The Microworkers bundle is on MCPBundles. You need a Microworkers API key (get one here) and some balance in your account. Connect the credential, and your AI agent has access to the full 53-tool surface.

The bundle includes a skill that walks AI agents through the whole workflow — browsing categories, creating templates, launching campaigns, polling for results, rating submissions. Once you've connected the credential, the AI knows what to do.

Why This Matters

We've been building MCP tools for a year and they all follow the same shape: AI talks to machine, machine talks back. The Microworkers provider is the first one where the AI talks to people. It posts work, waits, evaluates what comes back, and pays for quality.

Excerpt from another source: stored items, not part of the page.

lemma hit_prob_le:
  assumes "\<gamma> > 0" and poincare: "poincare_ineq \<gamma>" and "S \<ge> 0"
  shows "hit_prob S \<le> meas \<mu> A + S * mean escape_rate
    + L2norm \<Omega> \<nu> (\<lambda>x. \<mu> x / \<nu> x) * L2norm \<Omega> \<nu> (\<lambda>x. escape_rate x - mean escape_rate)
      * ((1 - exp (- (\<gamma> * S))) / \<gamma>)"
proof -
  define K where "K = L2norm \<Omega> \<nu> (\<lambda>x. \<mu> x / \<nu> x) * L2norm \<Omega> \<nu> (\<lambda>x. escape_rate x - mean escape_rate)"
  define G where "G t = hit_prob t - t * mean escape_rate - K * ((1 - exp (- (\<gamma> * t))) / \<gamma>)" for t
  have "(G has_real_derivative hit_rate t - mean escape_rate - K * exp (- (\<gamma> * t))) (at t)" for t
  proof -
    have "(G has_real_derivative hit_rate t - 1 * mean escape_rate
        - K * ((0 - exp (- (\<gamma> * t)) * (- \<gamma>)) / \<gamma>)) (at t)"
      unfolding G_def
      by (intro DERIV_diff has_real_derivative_hit_prob DERIV_cmult_right DERIV_cmult
          DERIV_cdivide DERIV_const DERIV_ident) (auto intro!: derivative_eq_intros)
    then show ?thesis using assms(1) by simp
  qed
  moreover have "hit_rate t - mean escape_rate - K * exp (- (\<gamma> * t)) \<le> 0" if "t \<ge> 0" for t
    using hit_rate_le[OF poincare that] unfolding K_def by simp
  ultimately have "G S \<le> G 0"
    using DERIV_nonpos_imp_nonincreasing[OF assms(3), of G] by blast
  then show ?thesis unfolding G_def K_def hit_prob_0 by simp
qed
lemma pos_def_spectral_decomposition:
  assumes "pos_def A"
  obtains S l where "orthonormal_basis S" "A = spectral_mat S l" "\<forall>v\<in>S. l v > 0"
    "\<forall>v\<in>S. A *v v = complex_of_real (l v) *s v"
proof -
  obtain S l where S: "orthonormal_basis S" "A = spectral_mat S l"
    and eig: "\<forall>v\<in>S. A *v v = complex_of_real (l v) *s v"
    using hermitian_spectral_decomposition[OF pos_def_hermitian[OF assms]] by blast
  have "l v > 0" if "v \<in> S" for v
  proof -
    have "cinner v v = 1" using S(1) that unfolding orthonormal_basis_def orthonormal_def by auto
    then have "cinner v (A *v v) = complex_of_real (l v)" using eig that by (simp add: cinner_scale_right)
    moreover have "v \<noteq> 0" using \<open>cinner v v = 1\<close> by auto
    ultimately show ?thesis using assms unfolding pos_def_def by force
  qed
  then show ?thesis using S eig that by blast
qed

lemma pos_def_inverse:
  assumes "pos_def A"
  shows "invertible A" and "pos_def (matrix_inv A)"
proof -
  obtain S l where S: "orthonormal_basis S" "A = spectral_mat S l" "\<forall>v\<in>S. l v > 0"
    using pos_def_spectral_decomposition[OF assms] by blast
  define Y where "Y = spectral_mat S (\<lambda>v. inverse (l v))"
  have "A ** Y = spectral_mat S (\<lambda>v. 1)"
    unfolding Y_def S(2) using S(1,3) unfolding orthonormal_basis_def
    by (subst spectral_mat_mult) (auto intro!: spectral_mat_cong)
  then have AY: "A ** Y = mat 1" using spectral_mat_one[OF S(1)] by simp
  then show "invertible A" using invertible_right_inverse by blast
  have "pos_def Y" unfolding Y_def using S by (intro pos_def_spectral_mat) auto
  then show "pos_def (matrix_inv A)" using matrix_inv_eqI[OF AY] by simp
qed

lemma pos_def_sqrt_exists:
  assumes "pos_def A"
  shows "\<exists>X. pos_def X \<and> X ** X = A"
proof -
  obtain S l where S: "orthonormal_basis S" "A = spectral_mat S l" "\<forall>v\<in>S. l v > 0"
    using pos_def_spectral_decomposition[OF assms] by blast
  define X where "X = spectral_mat S (\<lambda>v. sqrt (l v))"
  have "pos_def X" unfolding X_def using S by (intro pos_def_spectral_mat) auto
  moreover have "X ** X = A"
    unfolding X_def S(2) using S(1,3) unfolding orthonormal_basis_def
    by (subst spectral_mat_mult) (auto intro!: spectral_mat_cong simp: less_imp_le)
  ultimately show ?thesis by blast
qed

That's a genuinely new capability. When an AI agent hits something it can't do — because it needs a human in a browser, or a local perspective from another country, or a judgment call that requires common sense — it doesn't have to stop anymore. It can get help. Programmatically. For a few cents per task.

The boundary between what AI can handle and what requires a human hasn't gone away. But AI can now reach across it whenever it needs to.